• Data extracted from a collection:
(* The monoid $\mathrm{rps}$ does not satisfy any non-trivial identity.
   Context: Let $\mathcal{A}=\{1<2<3<\cdots\}$. An rPS tableau is a finite (possibly empty) sequence of nonempty bottom-justified columns of boxes filled with elements of $\mathcal{A}$, such that the entries of each column are weakly decreasing from top to bottom and the bottom entries of the columns form a strictly increasing sequence from left to right. Right insertion of a symbol $a$ into an rPS tableau $B$: if $a$ is strictly greater than every entry of the bottom row, append a new column consisting of $a$ at the right end; otherwise, let $z$ be the leftmost bottom-row entry with $z\geq a$ and put $a$ in a new box at the bottom of the column of $z$ (the previous entries of that column move up one box). For $w=w_1\cdots w_k$, $\mathfrak{R}_r(w)$ is obtained by starting with the empty tableau and right-inserting $w_1,\dots,w_k$ in order. The monoid $\mathrm{rps}$ is the quotient of $\mathcal{A}^*$ by the congruence $u\equiv v\iff\mathfrak{R}_r(u)=\mathfrak{R}_r(v)$. An identity is a formal equality $u=v$ of words over a countable alphabet of variables; it is non-trivial if $u\neq v$ as words; a monoid $M$ satisfies it if equality holds under every substitution of elements of $M$ for the variables. *)

theory Defs
  imports Main
begin

text \<open>Alphabet A = {1 < 2 < 3 < ...}: positive naturals.
  An rPS tableau is a list of columns (left to right); each column is a list of
  its entries listed from the BOTTOM box upwards (so the head is the bottom entry).\<close>

type_synonym rps_tableau = "nat list list"

fun rps_insert :: "nat \<Rightarrow> rps_tableau \<Rightarrow> rps_tableau" where
  "rps_insert a [] = [[a]]"
| "rps_insert a (c # cs) =
     (if a \<le> hd c then (a # c) # cs else c # rps_insert a cs)"

definition rps_tab :: "nat list \<Rightarrow> rps_tableau" where
  "rps_tab w = fold rps_insert w []"

definition rps_equiv :: "nat list \<Rightarrow> nat list \<Rightarrow> bool" where
  "rps_equiv u v \<longleftrightarrow> rps_tab u = rps_tab v"

text \<open>Identities are pairs of words over the countable variable alphabet nat.
  A substitution assigns to each variable an element of rps, represented by a word
  over A; the value of a word is the class of the concatenation of the images.
  rps satisfies u = v iff for every substitution the two values are equal.\<close>

definition subst_word :: "(nat \<Rightarrow> nat list) \<Rightarrow> nat list \<Rightarrow> nat list" where
  "subst_word \<sigma> u = concat (map \<sigma> u)"

definition rps_satisfies :: "nat list \<Rightarrow> nat list \<Rightarrow> bool" where
  "rps_satisfies u v \<longleftrightarrow>
     (\<forall>\<sigma>. (\<forall>x. set (\<sigma> x) \<subseteq> {1..}) \<longrightarrow> rps_equiv (subst_word \<sigma> u) (subst_word \<sigma> v))"

end

theory Submission
  imports Defs
begin

text \<open>If \<open>u \<noteq> v\<close>, some variable \<open>x\<close> occurs in different positions of \<open>u\<close> and \<open>v\<close>; record
  these positions as Boolean words. Substitute the letter \<open>n + 1\<close> for \<open>x\<close> and the decreasing
  word \<open>n (n - 1) \<cdots> 1\<close> for every other variable, with \<open>n\<close> large. As long as fewer than \<open>n\<close>
  blocks \<open>n \<cdots> 1\<close> have been read, the tableau is a staircase of columns with bottom entries
  \<open>1, \<dots>, t\<close>, one per block, topped by a tower of the letters \<open>n + 1\<close> read since the last
  block: the next block slides a fresh column \<open>t + 1, \<dots>, n\<close> under the tower and adds a new
  bottom box to every staircase column. Reading off, column by column, the number of letters
  \<open>n + 1\<close> and whether other letters are present recovers the Boolean word, so the
  substituted words for \<open>u\<close> and \<open>v\<close> have different tableaux.\<close>

lemma rps_tab_append: "rps_tab (w @ w') = fold rps_insert w' (rps_tab w)"
  by (simp add: rps_tab_def)

lemma rps_insert_append_left:
  assumes "\<forall>c\<in>set B. hd c < a"
  shows "rps_insert a (B @ T) = B @ rps_insert a T"
  using assms by (induction B) auto
(* For every $n\ge3$, $\mathrm{PSR}_n(n-2)=\mathrm{StoRec}_n$.
   Context: $K_n^0$ is the complete graph on vertex set $\{0,1,\dots,n\}$ with sink $0$; every vertex has degree $n$. A configuration is $c\in\mathbb{Z}_{\ge0}^n$, stable if $c_i\le n-1$ for all $i$; $c^{\max}=(n-1,\dots,n-1)$. A deterministic toppling of an unstable vertex $i$ sends one grain to each neighbour (grains sent to the sink disappear). A stochastic toppling (parameter $p\in(0,1)$) of an unstable vertex $i$ sends, independently for each incident edge, one grain along it with probability $p$, else keeps it. For $k\in\{0,\dots,n\}$, the $k$-partial SSM on $K_n^0$ is the model in which vertices $1,\dots,k$ topple stochastically and vertices $k+1,\dots,n$ topple deterministically; its Markov chain on stable configurations adds a grain at vertex $i$ with probability $\mu_i>0$ and then stabilises. $\mathrm{PSR}_n(k)$ is its set of recurrent states; equivalently, the stable configurations reachable from $c^{\max}$ by a finite sequence of grain additions and topplings of unstable vertices in which vertices $k+1,\dots,n$ topple deterministically and vertices $1,\dots,k$ send one grain along each edge of an arbitrary subset of their incident edges. $\mathrm{StoRec}_n=\mathrm{PSR}_n(n)$ is the set of recurrent states of the SSM (all vertices topple stochastically). *)

theory Defs
  imports Main
begin

text \<open>Configurations on the non-sink vertices 1..n of K_n^0 (vertex set {0,...,n}, sink 0),
  represented as functions nat => nat that are 0 outside {1..n}.\<close>

type_synonym config = "nat \<Rightarrow> nat"

definition cmax :: "nat \<Rightarrow> config" where
  "cmax n = (\<lambda>j. if j \<in> {1..n} then n - 1 else 0)"

definition stable :: "nat \<Rightarrow> config \<Rightarrow> bool" where
  "stable n c \<longleftrightarrow> (\<forall>i\<in>{1..n}. c i \<le> n - 1)"

definition add_grain :: "config \<Rightarrow> nat \<Rightarrow> config" where
  "add_grain c i = c(i := c i + 1)"

text \<open>Vertex i sends one grain along each edge {i,j} with j in S (S a subset of the
  neighbours {0..n} - {i}); grains sent to the sink 0 disappear.\<close>
definition send_along :: "nat \<Rightarrow> config \<Rightarrow> nat \<Rightarrow> nat set \<Rightarrow> config" where
  "send_along n c i S =
     (\<lambda>j. if j = i then c i - card S
          else if j \<in> S \<inter> {1..n} then c j + 1 else c j)"

inductive psr_step :: "nat \<Rightarrow> nat \<Rightarrow> config \<Rightarrow> config \<Rightarrow> bool" for n k where
  add: "i \<in> {1..n} \<Longrightarrow> psr_step n k c (add_grain c i)"
| det: "i \<in> {k+1..n} \<Longrightarrow> c i \<ge> n \<Longrightarrow>
        psr_step n k c (send_along n c i ({0..n} - {i}))"
| sto: "i \<in> {1..k} \<Longrightarrow> c i \<ge> n \<Longrightarrow> S \<subseteq> {0..n} - {i} \<Longrightarrow>
        psr_step n k c (send_along n c i S)"

definition PSR :: "nat \<Rightarrow> nat \<Rightarrow> config set" where
  "PSR n k = {c. (psr_step n k)\<^sup>*\<^sup>* (cmax n) c \<and> stable n c}"

definition StoRec :: "nat \<Rightarrow> config set" where
  "StoRec n = PSR n n"

end

theory Submission
  imports Defs
begin

text \<open>Every (n-2)-partial toppling is also a stochastic one, which gives one inclusion.
  Conversely, Landau's condition -- every set A of non-sink vertices holds at least
  card A choose 2 grains -- holds for c^max and is preserved by grain additions and by
  topplings, so every stochastically recurrent configuration satisfies it. By Landau's theorem
  such a configuration dominates the score vector (in-degrees) of a tournament on {1..n}. In
  the (n-2)-partial model every score vector is reachable from c^max: load the vertices
  1..n-2, let n-1 and n topple against each other, and then topple the stochastic vertices
  1..n-2 in increasing order, each sending grains to its out-neighbours, to the sink and to the
  still loaded vertices after it. Adding grains then reaches the configuration itself.\<close>

lemma psr_step_mono:
  assumes "k \<le> k'" and "psr_step n k c c'"
  shows "psr_step n k' c c'"
  using assms(2)
proof cases
  case (add i)
  then show ?thesis by (simp add: psr_step.add)
next
  case (det i)
  then show ?thesis
    by (cases "i \<le> k'") (auto intro: psr_step.sto psr_step.det)
next
  case (sto i S)
  then show ?thesis using assms(1) by (auto intro: psr_step.sto)
qed

lemma PSR_mono: "k \<le> k' \<Longrightarrow> PSR n k \<subseteq> PSR n k'"
  unfolding PSR_def
  using rtranclp_mono[of "psr_step n k" "psr_step n k'"] psr_step_mono by blast

section \<open>Tournaments and Landau's theorem\<close>

text \<open>Twice the bound card A choose 2, to stay in nat.\<close>
definition landau_cond :: "'a set \<Rightarrow> ('a \<Rightarrow> nat) \<Rightarrow> bool" where
  "landau_cond V c \<longleftrightarrow> (\<forall>A \<subseteq> V. card A * (card A - 1) \<le> 2 * sum c A)"

definition tournament :: "'a set \<Rightarrow> ('a \<Rightarrow> 'a \<Rightarrow> bool) \<Rightarrow> bool" where
  "tournament V R \<longleftrightarrow> (\<forall>u w. R u w \<longrightarrow> u \<in> V \<and> w \<in> V \<and> u \<noteq> w)
      \<and> (\<forall>u\<in>V. \<forall>w\<in>V. u \<noteq> w \<longrightarrow> R u w \<or> R w u) \<and> (\<forall>u w. R u w \<longrightarrow> \<not> R w u)"

definition indegree :: "'a set \<Rightarrow> ('a \<Rightarrow> 'a \<Rightarrow> bool) \<Rightarrow> 'a \<Rightarrow> nat" where
  "indegree V R x = card {w \<in> V. R w x}"

lemma indegree_insert:
  assumes "finite A" "u \<notin> A"
  shows "indegree (insert u A) R x = indegree A R x + (if R u x then 1 else 0)"
proof -
  have "{w \<in> insert u A. R w x} = (if R u x then insert u {w \<in> A. R w x} else {w \<in> A. R w x})"
    by auto
  then show ?thesis
    using assms unfolding indegree_def by simp
qed
(* Xi Pi = I - YX determines Xi as soon as Pi is invertible, and Pi always is: positive definiteness
   of [X I; I Y] makes I - YX nonsingular. So the part of G_gamma lying over a set of invertible
   matrices Pi is the continuous image of F_gamma times that set under
   (X, Y, Ah, Bh, Ch, Dh, Pi) |-> (X, Y, Ah, Bh, Ch, Dh, Pi, (I - YX) Pi^-1).
   F_gamma is convex: M_gamma and [X I; I Y] depend affinely on (X, Y, Ah, Bh, Ch, Dh), and
   definiteness is a convex condition. Hence the path components of G_gamma are those of GL_n(R),
   the two sign classes of det: writing an invertible matrix as a product of elementary ones joins
   it inside GL_n(R) to I or to a coordinate reflection, and det cannot change sign along a path
   in GL_n(R). *)

lemma continuous_on_matrix_mult [continuous_intros]:
  fixes F :: "'a::topological_space \<Rightarrow> real^'m^'n" and G :: "'a \<Rightarrow> real^'p^'m"
  assumes "continuous_on S F" and "continuous_on S G"
  shows "continuous_on S (\<lambda>x. F x ** G x)"
  unfolding matrix_matrix_mult_def by (intro continuous_intros assms)

lemma continuous_on_det [continuous_intros]:
  fixes F :: "'a::topological_space \<Rightarrow> real^'n^'n"
  assumes "continuous_on S F"
  shows "continuous_on S (\<lambda>x. det (F x))"
  unfolding det_def by (intro continuous_intros assms)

• YOUR GOAL: Your answer must be the line containing "insert u A." and every line after it through the end of the records above, reproduced exactly and alone.

• RESPONSE TO THE TASK:
  have "{w \<in> insert u A. R w x} = (if R u x then insert u {w \<in> A. R w x} else {w \<in> A. R w x})"
    by auto
  then show ?thesis
    using assms unfolding indegree_def by simp
qed
(* Xi Pi = I - YX determines Xi as soon as Pi is invertible, and Pi always is: positive definiteness
   of [X I; I Y] makes I - YX nonsingular. So the part of G_gamma lying over a set of invertible
   matrices Pi is the continuous image of F_gamma times that set under
   (X, Y, Ah, Bh, Ch, Dh, Pi) |-> (X, Y, Ah, Bh, Ch, Dh, Pi, (I - YX) Pi^-1).
   F_gamma is convex: M_gamma and [X I; I Y] depend affinely on (X, Y, Ah, Bh, Ch, Dh), and
   definiteness is a convex condition. Hence the path components of G_gamma are those of GL_n(R),
   the two sign classes of det: writing an invertible matrix as a product of elementary ones joins
   it inside GL_n(R) to I or to a coordinate reflection, and det cannot change sign along a path
   in GL_n(R). *)

lemma continuous_on_matrix_mult [continuous_intros]:
  fixes F :: "'a::topological_space \<Rightarrow> real^'m^'n" and G :: "'a \<Rightarrow> real^'p^'m"
  assumes "continuous_on S F" and "continuous_on S G"
  shows "continuous_on S (\<lambda>x. F x ** G x)"
  unfolding matrix_matrix_mult_def by (intro continuous_intros assms)

lemma continuous_on_det [continuous_intros]:
  fixes F :: "'a::topological_space \<Rightarrow> real^'n^'n"
  assumes "continuous_on S F"
  shows "continuous_on S (\<lambda>x. det (F x))"
  unfolding det_def by (intro continuous_intros assms)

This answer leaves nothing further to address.